Fig 2. PDGFRβ signaling acts downstream of Hif1α to control AGM HSPC production.

(A) Morpholino knockdown of pdgfrb attenuated the increase in runx1;cmyb expression in embryos treated with the Hif1α agonist DMOG (75μM).

(B) Qualitative phenotypic distribution of embryos from panel 2A (n≥20/condition × 3 replicate clutches).

(C) Knockdown of vhl increased runx1;cmyb WISH expression in the AGM at 36hpf, while co-injection with the pdgfrb MO blocked this effect.

(D) Qualitative phenotypic distribution of embryos from panel 2D (n≥20/condition × 2 replicate clutches).

(E) FACS analysis for CD41⁺(Gata1⁻) HSPCs following injection of MOs to vhl and pdgfrb alone and combined confirmed a reduced impact for Hif1α stabilization with loss of PDGF signaling (*p<0.05, one-tailed t-test, n≥7).

(F) Ectopic activation of a dominant negative pdgfrb transgene, Tg(hsp70:dn-pdgfrb), at 27hpf (37°C for 1 hour) diminished the impact of CoCl₂ stimulation on cmyb expression at 48hpf.

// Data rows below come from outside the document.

lemma dense_if_intersects_base:
  assumes "is_base X B" and "\<And>b. b \<in> B \<Longrightarrow> b \<noteq> {} \<Longrightarrow> S \<inter> b \<noteq> {}"
  shows "X closure_of S = topspace X"
  unfolding dense_intersects_open
proof (intro allI impI)
  fix U assume "openin X U \<and> U \<noteq> {}"
  then obtain x b where "b \<in> B" "x \<in> b" "b \<subseteq> U"
    using assms(1) unfolding is_base_def by blast
  then show "S \<inter> U \<noteq> {}" using assms(2) by blast
qed

lemma omega_resolvable_if_dense_colour_classes:
  fixes col :: "'a \<Rightarrow> nat"
  assumes "\<And>n. X closure_of {x \<in> topspace X. col x = n} = topspace X"
  shows "omega_resolvable X"
  unfolding omega_resolvable_def
  by (rule exI[of _ "\<lambda>n. {x \<in> topspace X. col x = n}"]) (use assms in auto)

definition map_Union :: "('a \<rightharpoonup> 'b) set \<Rightarrow> 'a \<rightharpoonup> 'b" where
  "map_Union G x = (if \<exists>c\<in>G. x \<in> dom c then (SOME c. c \<in> G \<and> x \<in> dom c) x else None)"

lemma map_le_map_Union:
  assumes directed: "\<forall>c\<in>G. \<forall>d\<in>G. \<exists>e\<in>G. c \<subseteq>\<^sub>m e \<and> d \<subseteq>\<^sub>m e" and "c \<in> G"
  shows "c \<subseteq>\<^sub>m map_Union G"
  unfolding map_le_def
proof
  fix x assume "x \<in> dom c"
  define d where "d = (SOME d. d \<in> G \<and> x \<in> dom d)"
  have "d \<in> G \<and> x \<in> dom d"
    unfolding d_def by (rule someI[of _ c]) (use \<open>c \<in> G\<close> \<open>x \<in> dom c\<close> in blast)
  then obtain e where "e \<in> G" "c \<subseteq>\<^sub>m e" "d \<subseteq>\<^sub>m e"
    using directed \<open>c \<in> G\<close> by blast
  then have "c x = d x"
    using \<open>x \<in> dom c\<close> \<open>d \<in> G \<and> x \<in> dom d\<close> unfolding map_le_def by metis
  then show "c x = map_Union G x"
    using \<open>c \<in> G\<close> \<open>x \<in> dom c\<close> by (auto simp: map_Union_def d_def)
qed

lemma finite_map_extend_inside:
  assumes "infinite b" "b \<subseteq> T" "finite (dom c)" "dom c \<subseteq> T"
  shows "\<exists>d. finite (dom d) \<and> dom d \<subseteq> T \<and> c \<subseteq>\<^sub>m d \<and> (\<exists>x\<in>b. d x = Some y)"
proof -
  have "b - dom c \<noteq> {}"
    using assms(1,3) Diff_infinite_finite infinite_imp_nonempty by blast
  then obtain x where "x \<in> b" "x \<notin> dom c" by blast
  then show ?thesis
    using assms(2-4) by (intro exI[of _ "c(x \<mapsto> y)"]) (auto simp: map_le_def)
qed
(* Let $G=(V,E)$ be a connected graph with at least two vertices. Call a multiset $\mathcal{D}$ of edges of $G$ a domino covering if every vertex is an endpoint of some edge of $\mathcal{D}$, and call it saturated if removing any single edge from $\mathcal{D}$ leaves some vertex not an endpoint of any remaining edge. Then the maximum number of edges in a saturated domino covering of $G$ equals $|V| - \gamma(G)$, where $\gamma(G)$ is the domination number of $G$ (the minimum number of vertex sets of star subgraphs of $G$ needed to cover $V$). *)

theory Defs
  imports Main "HOL-Library.Multiset"
begin

definition simple_graph :: "'a set \<Rightarrow> 'a set set \<Rightarrow> bool" where
  "simple_graph V E \<longleftrightarrow> finite V \<and>
     (\<forall>e\<in>E. \<exists>u v. e = {u, v} \<and> u \<noteq> v \<and> u \<in> V \<and> v \<in> V)"

definition adj :: "'a set set \<Rightarrow> 'a \<Rightarrow> 'a \<Rightarrow> bool" where
  "adj E u v \<longleftrightarrow> {u, v} \<in> E"

definition connected_graph :: "'a set \<Rightarrow> 'a set set \<Rightarrow> bool" where
  "connected_graph V E \<longleftrightarrow> (\<forall>u\<in>V. \<forall>v\<in>V. (adj E)\<^sup>*\<^sup>* u v)"

definition domino_covering :: "'a set \<Rightarrow> 'a set set \<Rightarrow> 'a set multiset \<Rightarrow> bool" where
  "domino_covering V E D \<longleftrightarrow> set_mset D \<subseteq> E \<and> (\<forall>v\<in>V. \<exists>e\<in>#D. v \<in> e)"

definition saturated :: "'a set \<Rightarrow> 'a set multiset \<Rightarrow> bool" where
  "saturated V D \<longleftrightarrow> (\<forall>e\<in>#D. \<exists>v\<in>V. \<forall>e'\<in># D - {#e#}. v \<notin> e')"

definition star_vset :: "'a set \<Rightarrow> 'a set set \<Rightarrow> 'a set \<Rightarrow> bool" where
  "star_vset V E S \<longleftrightarrow> (\<exists>c\<in>S. S \<subseteq> V \<and> S - {c} \<noteq> {} \<and> (\<forall>x\<in>S - {c}. adj E c x))"

definition domination_number :: "'a set \<Rightarrow> 'a set set \<Rightarrow> nat" where
  "domination_number V E = (LEAST k. \<exists>F. finite F \<and> card F = k \<and>
      (\<forall>S\<in>F. star_vset V E S) \<and> V \<subseteq> \<Union>F)"

end

theory Submission
  imports Defs
begin

(* In a saturated covering D every edge e has a private vertex p e,
   i.e. a vertex lying on e and on no other edge of D.  Hence D has no repeated
   edges and p is injective, so there are exactly size D private vertices.  Each
   remaining vertex c is the centre of the star formed by c and its D-neighbours;
   these card V - size D stars cover V, so domination_number <= card V - size D.

   A minimum star cover is turned into a star-forest map h: every
   vertex is sent to a centre (a fixed point of h) adjacent to it.  A centre
   receiving no other vertex is lonely; lonely centres are removed one at a time by
   local surgery that never increases the number of centres.  When no centre is
   lonely, the edges {v, h v} of the non-centres form a saturated covering with
   card V - #centres >= card V - domination_number edges. *)

lemma edge_endpoints:
  assumes "simple_graph V E" "{x, y} \<in> E"
  shows "x \<noteq> y \<and> x \<in> V \<and> y \<in> V"
proof -
  obtain a b where "{x, y} = {a, b}" "a \<noteq> b" "a \<in> V" "b \<in> V"
    using assms unfolding simple_graph_def by blast
  then show ?thesis by (metis doubleton_eq_iff)
qed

(G) Qualitative phenotypic distribution of embryos from panel S2G (n≥20/condition × 4 replicate clutches).

(H) CD41⁺ HSPC cell counts at 48hpf confirmed the effect of loss of PDGFRB signaling, mediated by induction of a dominant negative receptor, on Hif1α activation by CoCl₂ (*p<0.05, **p<0.01, one-tailed t-test, n≥8).